[What you are asked to do] Check each line of the entries below for the word "blast", then state how many lines have it and nothing more.

[Data extracted from a collection]
_ _ _ _ _ _ _

lemma ps_gauge_lt_1_across_blocks:
  assumes nonneg: "\<And>i. 1 \<le> i \<Longrightarrow> i \<le> q \<Longrightarrow> a i \<ge> 0"
    and le: "\<And>s. s \<le> q \<Longrightarrow> ps_gauge a s \<le> 1"
    and lt: "ps_gauge a t < 1"
    and block_t: "\<And>i. p \<le> i \<Longrightarrow> i \<le> t \<Longrightarrow> a i = a t"
    and block_q: "\<And>i. t < i \<Longrightarrow> i \<le> q \<Longrightarrow> a i = a q"
    and s: "p \<le> s" "s < q" and "1 \<le> p" "t < q"
  shows "ps_gauge a s < 1"
proof -
  consider "s = t" | "s < t" | "t < s" by linarith
  then show ?thesis
  proof cases
    case 2
    show ?thesis
    proof (rule convex_seq_lt_interior[where g="ps_gauge a" and y=1 and a="p-1" and b=t and t=t])
      fix i assume "p - 1 \<le> i" "i + 2 \<le> t"
      show "ps_gauge a (i+1) - ps_gauge a i \<le> ps_gauge a (i+2) - ps_gauge a (i+1)"
      proof (rule ps_gauge_convex_on_const[where r="p-1" and v="a t"])
        fix j assume "p - 1 < j" "j \<le> i + 2"
        then show "a j = a t" using \<open>i + 2 \<le> t\<close> by (intro block_t) simp_all
      qed (use nonneg \<open>p - 1 \<le> i\<close> \<open>i + 2 \<le> t\<close> \<open>t < q\<close> in simp_all)
    next
      fix s' assume "p - 1 \<le> s'" "s' \<le> t"
      then show "ps_gauge a s' \<le> 1" using le \<open>t < q\<close> by simp
    qed (use lt 2 s \<open>1 \<le> p\<close> in simp_all)
  next
    case 3
    show ?thesis
    proof (rule convex_seq_lt_interior[where g="ps_gauge a" and y=1 and a=t and b=q and t=t])
      fix i assume "t \<le> i" "i + 2 \<le> q"
      show "ps_gauge a (i+1) - ps_gauge a i \<le> ps_gauge a (i+2) - ps_gauge a (i+1)"
      proof (rule ps_gauge_convex_on_const[where r=t and v="a q"])
        fix j assume "t < j" "j \<le> i + 2"
        then show "a j = a q" using \<open>i + 2 \<le> q\<close> by (intro block_q) simp_all
      qed (use nonneg \<open>t \<le> i\<close> \<open>i + 2 \<le> q\<close> in simp_all)
    next
      fix s' assume "t \<le> s'" "s' \<le> q"
      then show "ps_gauge a s' \<le> 1" using le by simp
    qed (use lt 3 s in simp_all)
  qed (use lt in simp)
qed

lemma antimono_block_start:
  fixes x :: "nat \<Rightarrow> real"
  assumes mono: "\<And>i j. 1 \<le> i \<Longrightarrow> i \<le> j \<Longrightarrow> j \<le> n \<Longrightarrow> x j \<le> x i"
    and t: "1 \<le> t" "t \<le> n"
  obtains p where "1 \<le> p" "p \<le> t" "\<And>i. p \<le> i \<Longrightarrow> i \<le> t \<Longrightarrow> x i = x t"
    "p = 1 \<or> x p < x (p-1)"
proof -
  define P where "P = {i\<in>{1..t}. x i = x t}"
  define p where "p = Min P"
  have "finite P" "t \<in> P" using t by (simp_all add: P_def)
  then have p: "p \<in> P" and p_min: "\<And>i. i \<in> P \<Longrightarrow> p \<le> i"
    unfolding p_def using Min_in[of P] Min_le[of P] by blast+
  then have p1: "1 \<le> p" and pt: "p \<le> t" by (simp_all add: P_def)
  have block: "x i = x t" if "p \<le> i" "i \<le> t" for i
    using mono[of p i] mono[of i t] p that t by (auto simp: P_def)
  have "x p < x (p - 1)" if "p \<noteq> 1"
  proof -
    have "p - 1 \<notin> P"
    proof
      assume "p - 1 \<in> P"
      then have "p \<le> p - 1" by (rule p_min)
      then show False using p1 by linarith
    qed
    moreover have "x p \<le> x (p - 1)"
      using mono[of "p - 1" p] p1 pt t that by simp
    ultimately show "x p < x (p - 1)" using p that by (auto simp: P_def)
  qed
  with p1 pt block that show thesis by blast
qed

lemma antimono_block_end:
  fixes x :: "nat \<Rightarrow> real"
  assumes mono: "\<And>i j. 1 \<le> i \<Longrightarrow> i \<le> j \<Longrightarrow> j \<le> n + 1 \<Longrightarrow> x j \<le> x i"
    and t: "1 \<le> t" "t \<le> n" and drop: "x (n+1) < x t"
  obtains q where "t \<le> q" "q \<le> n" "\<And>i. t \<le> i \<Longrightarrow> i \<le> q \<Longrightarrow> x i = x t"
    "x (q+1) < x q"
proof -
  define Q where "Q = {i\<in>{t..n}. x i = x t}"
  define q where "q = Max Q"
  have "finite Q" "t \<in> Q" using t by (simp_all add: Q_def)
  then have q: "q \<in> Q" and q_max: "\<And>i. i \<in> Q \<Longrightarrow> i \<le> q"
    unfolding q_def using Max_in[of Q] Max_ge[of Q] by blast+
  then have tq: "t \<le> q" and qn: "q \<le> n" by (simp_all add: Q_def)
  have block: "x i = x t" if "t \<le> i" "i \<le> q" for i
    using mono[of t i] mono[of i q] q that t by (auto simp: Q_def)
  have "x (q + 1) < x q"
  proof (cases "q = n")
    case False
    then have "q + 1 \<notin> Q" using q_max by fastforce
    moreover have "x (q + 1) \<le> x q" using mono[of q "q + 1"] tq qn t by simp
    ultimately show ?thesis using q False by (auto simp: Q_def)
  qed (use drop q in \<open>simp add: Q_def\<close>)
  with tq qn block that show thesis by blast
qed

lemma isCont_eventually_less_at_right:
  fixes f :: "real \<Rightarrow> real"
  assumes "isCont f 0" "f 0 < y"
  shows "\<forall>\<^sub>F e in at_right 0. f e < y"
  using assms by (metis continuous_at_imp_continuous_at_within continuous_within order_tendstoD(2))

lemma shift_mass_antimono_eventually:
  fixes x :: "nat \<Rightarrow> real"
  assumes "finite I"
    and anti: "\<And>i. i \<in> I \<Longrightarrow> x (i+1) \<le> x i"
    and starts: "\<And>i. i \<in> I \<Longrightarrow> x (i+1) = x i \<Longrightarrow> i + 1 \<noteq> p"
    and ends: "\<And>i. i \<in> I \<Longrightarrow> x (i+1) = x i \<Longrightarrow> i \<noteq> q"
  shows "\<forall>\<^sub>F e in at_right 0. \<forall>i\<in>I. shift_mass p q e x (i+1) \<le> shift_mass p q e x i"
proof (rule eventually_ball_finite[OF assms(1)], intro ballI)
  fix i assume i: "i \<in> I"
  show "\<forall>\<^sub>F e in at_right 0. shift_mass p q e x (i+1) \<le> shift_mass p q e x i"
  proof (cases "x (i+1) = x i")
    case True
    then have "of_bool (i+1 = p) - of_bool (i+1 = q) \<le> (of_bool (i = p) - of_bool (i = q) :: real)"
      using starts ends i by auto
    then have "shift_mass p q e x (i+1) \<le> shift_mass p q e x i" if "0 < e" for e
      using True that by (simp add: shift_mass_def mult_left_mono)
    then show ?thesis by (rule eventually_mono[OF eventually_at_right_less])
  next
    case False
    then have "shift_mass p q 0 x (i+1) - shift_mass p q 0 x i < 0"
      using anti[OF i] by simp
    then have "\<forall>\<^sub>F e in at_right 0. shift_mass p q e x (i+1) - shift_mass p q e x i < 0"
      by (intro isCont_eventually_less_at_right) (simp_all add: shift_mass_def)
    then show ?thesis by (rule eventually_mono) simp
  qed
qed

lemma ps_gauge_shift_mass_below:
  assumes "s < p" "s < q"
  shows "ps_gauge (shift_mass p q e a) s = ps_gauge a s"
  unfolding ps_gauge_def using assms
  by (intro arg_cong2[where f="(+)"] prod.cong sum.cong) (auto simp: shift_mass_def)

lemma ps_gauge_shift_mass_above:
  assumes "1 \<le> p" "p \<noteq> q" "p \<le> s" "1 \<le> q" "q \<le> s"
  shows "ps_gauge (shift_mass p q e a) s
    = ps_gauge a s - e * (a p - a q + e) * (\<Prod>i\<in>{1..s} - {p, q}. a i)"
  using assms by (simp add: ps_gauge_def sum_shift_mass prod_shift_mass)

_ _ _ _ _ _ _

[Response area] 4